Once you know the rate of change of speed, you can find the radius of curvature ρ through the magnitude of the acceleration equation.
Do not confuse R with ρ - they are not the same thing.
I'm getting the rate of change of speed in Etheta. Is that correct or should I be converting that? Also would the units be ft/s^2?
For finding the rate of change of speed I am not getting my answer in e^theta. I used the equation v' = ap dot e^t, and subbed both of the variables with polar equivalents then took the dot product.
This is the way I did it too. Bouncing off of this, don't forgot that you can find e^t from (v vector)/(v magnitude) = e^t
rate of change of speed is directionless, similar to how speed is also directionless. using the dot product will give you a numerical value with unit ft/s^2 but no etheta or etangent.
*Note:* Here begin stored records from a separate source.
definition retention :: "nat set \<Rightarrow> nat \<Rightarrow> (nat \<Rightarrow> nat) \<Rightarrow> (nat \<Rightarrow> real) \<Rightarrow> nat \<Rightarrow> real" where
  "retention Ls n nc p l =
     (let s = real n / real (nc l);
          phat = internal_weight Ls n nc p (\<lambda>_. 1) l / (s * (s - 1) / 2);
          qhat = outgoing_weight Ls n nc p (\<lambda>_. 1) l / (s * (real n - s))
      in qhat / phat)"

text \<open>Edge weights after ReduceWeight on every layer in R: an edge of pair type T is
multiplied by q_l for each reduced layer l in which it is internal.\<close>
definition reduced_weight ::
  "nat set \<Rightarrow> nat \<Rightarrow> (nat \<Rightarrow> nat) \<Rightarrow> (nat \<Rightarrow> real) \<Rightarrow> nat set \<Rightarrow> nat set \<Rightarrow> real" where
  "reduced_weight Ls n nc p R T = (\<Prod>l\<in>T \<inter> R. retention Ls n nc p l)"

end

theory Submission
  imports Defs
begin

text \<open>Summing the expected counts over the pair types T, using the independence of the
layers, the modularity of layer t becomes B / (B + C) - 1 / n_t, where B and C are the
expected internal and outgoing edge weight per node; so it suffices that ReduceWeight raises
the internal share B / (B + C). Every retention probability is below 1: a pair inside a
community of l is an edge with probability about p_l + (1 - p_l) r_l, where r_l is the edge
probability of a pair separated by l. Expanding the difference of the cross products over
pairs of types, each term is nonnegative except the one comparing the types {t, m} and
{t, k}, and that one is dominated by the term comparing {t} with {m, k}.\<close>

lemma sum_subsets_between:
  assumes "finite Ls" "T \<subseteq> Ls"
  shows "(\<Sum>S\<in>{S. T \<subseteq> S \<and> S \<subseteq> Ls}. f S) = (\<Sum>U\<in>Pow (Ls - T). f (T \<union> U))"
  by (rule sum.reindex_bij_witness[where j = "\<lambda>S. S - T" and i = "\<lambda>U. T \<union> U"])
    (use assms in \<open>auto simp: Un_absorb1\<close>)

lemma sum_subsets_containing:
  assumes "finite Ls" "l \<in> Ls"
  shows "(\<Sum>T\<in>{T. T \<subseteq> Ls \<and> l \<in> T}. f T) = (\<Sum>U\<in>Pow (Ls - {l}). f (insert l U))"
proof -
  have "{T. T \<subseteq> Ls \<and> l \<in> T} = {S. {l} \<subseteq> S \<and> S \<subseteq> Ls}" by blast
  then show ?thesis using sum_subsets_between[of Ls "{l}" f] assms by simp
qed

lemma sum_Pow_doubleton:
  assumes "a \<noteq> b"
  shows "(\<Sum>U\<in>Pow {a, b}. f U) = f {} + f {a} + f {b} + f {a, b}"
proof -
  have "Pow {a, b} = {{}, {a}, {b}, {a, b}}" by blast
  then show ?thesis using assms by (simp add: insert_commute add.assoc)
qed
I calculated radius of curvature past 700 feet is that a reasonable answer. Since I calculated speed and rate of change of speed I used the magnitude of the acceleration to find the radius of curvature. Also when calculating the magnitude of acceleration do i need to convert to path or does it not matter?
The magnitudes should be the same so I don't think it should matter.
To calculate the curvature, you need to use the magnitude of acceleration equation and solve it for p. You don't want to use a*en=v^2/p since it would be more time consuming as a result of having to solve for en.